Figure 5 shows the comparison of the proposed model with ABCNet [12,13], FCENet [14], and WDNet [15] on CTW1500. ABCNet detects text by predicting two independent Bézier curves, which is more effective than other methods in regular multi-directional text. However, for dense curved text, curved text, and small text regions, ABCNet is more likely to confuse the adjacent. FCENet predicts text instances by Fourier descriptor embedding. FCENet performs well in most cases but does not perform well for large aspect ratio text. WDNet uses wavelet descriptors to describe text instances. Like FCENet, WDNet is not as precise for regular text contours, especially for the four corners of rectangular text areas, which are described by arcs and result in missing corners. The comparison shows that the proposed model can effectively detect multi-directional and curved text without any additional training data. The proposed method is robust to perspective and background interference and can also handle texts with large aspect ratios.

5. Conclusions

The shape of text regions in natural scenes is complex and variable.

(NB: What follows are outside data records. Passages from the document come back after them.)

lemma quad_form_unit_sphere_max:
  assumes "finite V" "V \<noteq> {}"
  obtains x where "sum_sq V x = 1" "\<And>z. sum_sq V z = 1 \<Longrightarrow> quad_form V M z \<le> quad_form V M x"
proof -
  define T where "T = product_topology (\<lambda>_. euclideanreal) V"
  define K where "K = {z \<in> topspace T. sum_sq V z = 1} \<inter> PiE V (\<lambda>_. {-1..1})"
  have proj: "continuous_map T euclideanreal (\<lambda>x. x i)" if "i \<in> V" for i
    unfolding T_def using continuous_map_product_projection[of i V "\<lambda>_. euclideanreal"] that
    by simp
  have "continuous_map T euclideanreal (sum_sq V)"
    unfolding sum_sq_def[abs_def] by (intro continuous_map_sum continuous_map_real_pow assms(1) proj)
  then have "closedin T {z \<in> topspace T. sum_sq V z \<in> {1}}"
    by (rule closedin_continuous_map_preimage) simp
  moreover have "compactin T (PiE V (\<lambda>_. {-1..1::real}))"
    unfolding T_def by (simp add: compactin_PiE)
  ultimately have "compactin T K" unfolding K_def by (simp add: closed_Int_compactin)
  moreover have "continuous_map T euclideanreal (quad_form V M)"
    unfolding quad_form_def[abs_def]
    by (intro continuous_map_sum continuous_map_real_mult assms(1) continuous_map_canonical_const proj)
  ultimately have "compact (quad_form V M ` K)"
    using image_compactin by (metis compactin_euclidean_iff)
  moreover obtain v0 where v0: "v0 \<in> V" using assms(2) by blast
  then have "restrict (\<lambda>v. if v = v0 then 1 else 0) V \<in> K"
    unfolding K_def T_def sum_sq_def using assms(1)
    by (simp add: if_distrib[of "\<lambda>x. x\<^sup>2"] restrict_PiE_iff cong: if_cong)
  ultimately obtain x where x: "x \<in> K" "\<forall>z\<in>K. quad_form V M z \<le> quad_form V M x"
    using compact_attains_sup[of "quad_form V M ` K"] by blast
  show thesis
  proof
    show "sum_sq V x = 1" using x(1) unfolding K_def by blast
    fix z assume z: "sum_sq V z = 1"
    have "restrict z V \<in> K"
    proof -
      have "(z v)\<^sup>2 \<le> 1" if "v \<in> V" for v
        using member_le_sum[OF that _ assms(1), of "\<lambda>v. (z v)\<^sup>2"] z unfolding sum_sq_def by simp
      then have "\<bar>z v\<bar> \<le> 1" if "v \<in> V" for v using that by (simp add: abs_square_le_1)
      then show ?thesis using z unfolding K_def T_def sum_sq_def by (auto simp: abs_le_iff)
    qed
    then have "quad_form V M (restrict z V) \<le> quad_form V M x" using x(2) by blast
    then show "quad_form V M z \<le> quad_form V M x" unfolding quad_form_def by simp
  qed
qed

Directly predicting text contour point coordinates using neural networks cannot describe the text region accurately and smoothly. Therefore, this paper proposes a Deformable DETR-based arbitrary-shape text detection model, which predicts two sets of B-Spline control point coordinates then reconstructs the text contour coordinates. Using B-Splines to model text regions allows for smoother and more accurate text contours while reducing the number of predicted parameters. By designing the network structure and loss function, the model can better adapt to the text with complex and variable shapes. The experimental results show that the F-measure of the proposed model achieves 86.8% and 87.6% on the public data sets CTW1500 and Total-Text, respectively, without any pre-training datasets, which proves the effectiveness of the proposed model. However, the model proposed in this paper suffers from an excessive number of parameters and complex computation. In the next step, we will investigate lightweight to increase its practicality.